Task description.
Go from the first line below to the one with "1 \<le> d \<and>" and print each line exactly.

═══ Provided entries

text \<open>Codewords of length l over S are functions on the index set {1..l},
  extensional (value undefined outside {1..l}): elements of PiE {1..l} (\<lambda>_. S).\<close>

definition hamming :: "nat \<Rightarrow> (nat \<Rightarrow> 'a) \<Rightarrow> (nat \<Rightarrow> 'a) \<Rightarrow> nat" where
  "hamming l c c' = card {j \<in> {1..l}. c j \<noteq> c' j}"

definition krawtchouk :: "nat \<Rightarrow> nat \<Rightarrow> nat \<Rightarrow> nat \<Rightarrow> real" where
  "krawtchouk s l k i =
     (\<Sum>j = 0..k. (-1) ^ j * (real s - 1) ^ (k - j) * real (i choose j) * real ((l - i) choose (k - j)))"

definition dist_distrib :: "nat \<Rightarrow> (nat \<Rightarrow> 'a) set \<Rightarrow> nat \<Rightarrow> real" where
  "dist_distrib l C i = card {(c, c'). c \<in> C \<and> c' \<in> C \<and> hamming l c c' = i} / real (card C)"

definition dual_distrib :: "nat \<Rightarrow> nat \<Rightarrow> (nat \<Rightarrow> 'a) set \<Rightarrow> nat \<Rightarrow> real" where
  "dual_distrib s l C k = (\<Sum>i = 0..l. dist_distrib l C i * krawtchouk s l k i) / real (card C)"

definition has_dual_distance :: "nat \<Rightarrow> nat \<Rightarrow> (nat \<Rightarrow> 'a) set \<Rightarrow> nat \<Rightarrow> bool" where
  "has_dual_distance s l C d \<longleftrightarrow>
     1 \<le> d \<and> dual_distrib s l C d \<noteq> 0 \<and> (\<forall>k. 1 \<le> k \<and> k < d \<longrightarrow> dual_distrib s l C k = 0)"

definition points :: "'a set \<Rightarrow> nat \<Rightarrow> ('a \<times> nat) set" where
  "points S l = S \<times> {1..l}"

definition block :: "nat \<Rightarrow> (nat \<Rightarrow> 'a) \<Rightarrow> ('a \<times> nat) set" where
  "block l c = {(c j, j) | j. j \<in> {1..l}}"

definition IC :: "(nat \<Rightarrow> 'a) set \<Rightarrow> nat \<Rightarrow> 'a set \<Rightarrow> ('a \<times> nat \<Rightarrow> 'f::field) set" where
  "IC C l S = {u. u \<in> points S l \<rightarrow>\<^sub>E UNIV \<and> (\<forall>c \<in> C. (\<Sum>x \<in> block l c. u x) = 0)}"
definition parabolic_fibres :: "('a::zero \<Rightarrow> 'b) \<Rightarrow> 'a set \<Rightarrow> bool" where
  "parabolic_fibres G K \<longleftrightarrow> \<not> K \<subseteq> {0}
     \<and> has_regular_multiplicity G K 0 \<and> \<not> has_regular_multiplicity G K 4"

lemma fibre_types_conjugate:
  assumes "bij \<phi>" "bij \<psi>" "\<And>u. G' u = \<psi> (G (\<phi> u))" "K' = \<phi> -` K" "\<phi> 0 = 0"
  shows "elliptic_fibres G' K' \<longleftrightarrow> elliptic_fibres G K"
    and "hyperbolic_fibres G' K' \<longleftrightarrow> hyperbolic_fibres G K"
    and "parabolic_fibres G' K' \<longleftrightarrow> parabolic_fibres G K"
proof -
  have "K' \<subseteq> {0} \<longleftrightarrow> K \<subseteq> {0}"
    unfolding assms(4) by (rule bij_vimage_subset_zero_iff[OF assms(1,5)])
  then show "elliptic_fibres G' K' \<longleftrightarrow> elliptic_fibres G K"
    and "hyperbolic_fibres G' K' \<longleftrightarrow> hyperbolic_fibres G K"
    and "parabolic_fibres G' K' \<longleftrightarrow> parabolic_fibres G K"
    unfolding elliptic_fibres_def hyperbolic_fibres_def parabolic_fibres_def
      regular_multiplicities_conjugate[where G' = G' and G = G, OF assms(1-4)]
    by simp_all
qed

lemma not_subset_zero_pairI: "(0, 1) \<in> K \<Longrightarrow> \<not> K \<subseteq> {0 :: real \<times> real}"
  by (auto simp: zero_prod_def)

section \<open>Difference maps and their critical points\<close>

definition difference_map :: "('a::ab_group_add \<Rightarrow> 'a) \<Rightarrow> 'a \<times> 'a \<Rightarrow> 'a \<times> 'a" where
  "difference_map G z = (fst z + snd z, G (fst z + snd z) - G (snd z))"

lemma difference_map_eq_iff:
  "difference_map G z = y \<longleftrightarrow> fst z = fst y - snd z \<and> G (snd z) = G (fst y) - snd y"
  by (auto simp: difference_map_def prod_eq_iff algebra_simps)
theorem mainTheorem13:
  fixes p :: nat
  assumes "Factorial_Ring.prime p"
  shows "asymp_exist_theory (Fp_trunc p) = exist_theory (Fp_tinf_mod_t p)"
proof (intro equalityI subsetI)
  have p: "1 < p" using assms prime_gt_1_nat by blast
  fix f
  show "f \<in> exist_theory (Fp_tinf_mod_t p)" if "f \<in> asymp_exist_theory (Fp_trunc p)"
  proof -
    from that have f: "sentence f" "existential f" and "finite {n. \<not> models (Fp_trunc p n) f}"
      by (auto simp: asymp_exist_theory_def)
    then obtain n where "n \<notin> insert 0 {n. \<not> models (Fp_trunc p n) f}"
      using ex_new_if_finite[OF infinite_UNIV_nat] by blast
    then have "0 < n" "models (Fp_trunc p n) f" by auto
    with f show ?thesis
      using models_Fp_tinf_mod_t_if_models_Fp_trunc[OF p] by (simp add: exist_theory_def)
  qed
  show "f \<in> asymp_exist_theory (Fp_trunc p)" if "f \<in> exist_theory (Fp_tinf_mod_t p)"
    using that finite_not_models_Fp_trunc[OF p]
    by (simp add: exist_theory_def asymp_exist_theory_def)
qed
end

══════

Solution to this problem.
text \<open>Codewords of length l over S are functions on the index set {1..l},
  extensional (value undefined outside {1..l}): elements of PiE {1..l} (\<lambda>_. S).\<close>

definition hamming :: "nat \<Rightarrow> (nat \<Rightarrow> 'a) \<Rightarrow> (nat \<Rightarrow> 'a) \<Rightarrow> nat" where
  "hamming l c c' = card {j \<in> {1..l}. c j \<noteq> c' j}"

definition krawtchouk :: "nat \<Rightarrow> nat \<Rightarrow> nat \<Rightarrow> nat \<Rightarrow> real" where
  "krawtchouk s l k i =
     (\<Sum>j = 0..k. (-1) ^ j * (real s - 1) ^ (k - j) * real (i choose j) * real ((l - i) choose (k - j)))"

definition dist_distrib :: "nat \<Rightarrow> (nat \<Rightarrow> 'a) set \<Rightarrow> nat \<Rightarrow> real" where
  "dist_distrib l C i = card {(c, c'). c \<in> C \<and> c' \<in> C \<and> hamming l c c' = i} / real (card C)"

definition dual_distrib :: "nat \<Rightarrow> nat \<Rightarrow> (nat \<Rightarrow> 'a) set \<Rightarrow> nat \<Rightarrow> real" where
  "dual_distrib s l C k = (\<Sum>i = 0..l. dist_distrib l C i * krawtchouk s l k i) / real (card C)"

definition has_dual_distance :: "nat \<Rightarrow> nat \<Rightarrow> (nat \<Rightarrow> 'a) set \<Rightarrow> nat \<Rightarrow> bool" where
  "has_dual_distance s l C d \<longleftrightarrow>
     1 \<le> d \<and> dual_distrib s l C d \<noteq> 0 \<and> (\<forall>k. 1 \<le> k \<and> k < d \<longrightarrow> dual_distrib s l C k = 0)"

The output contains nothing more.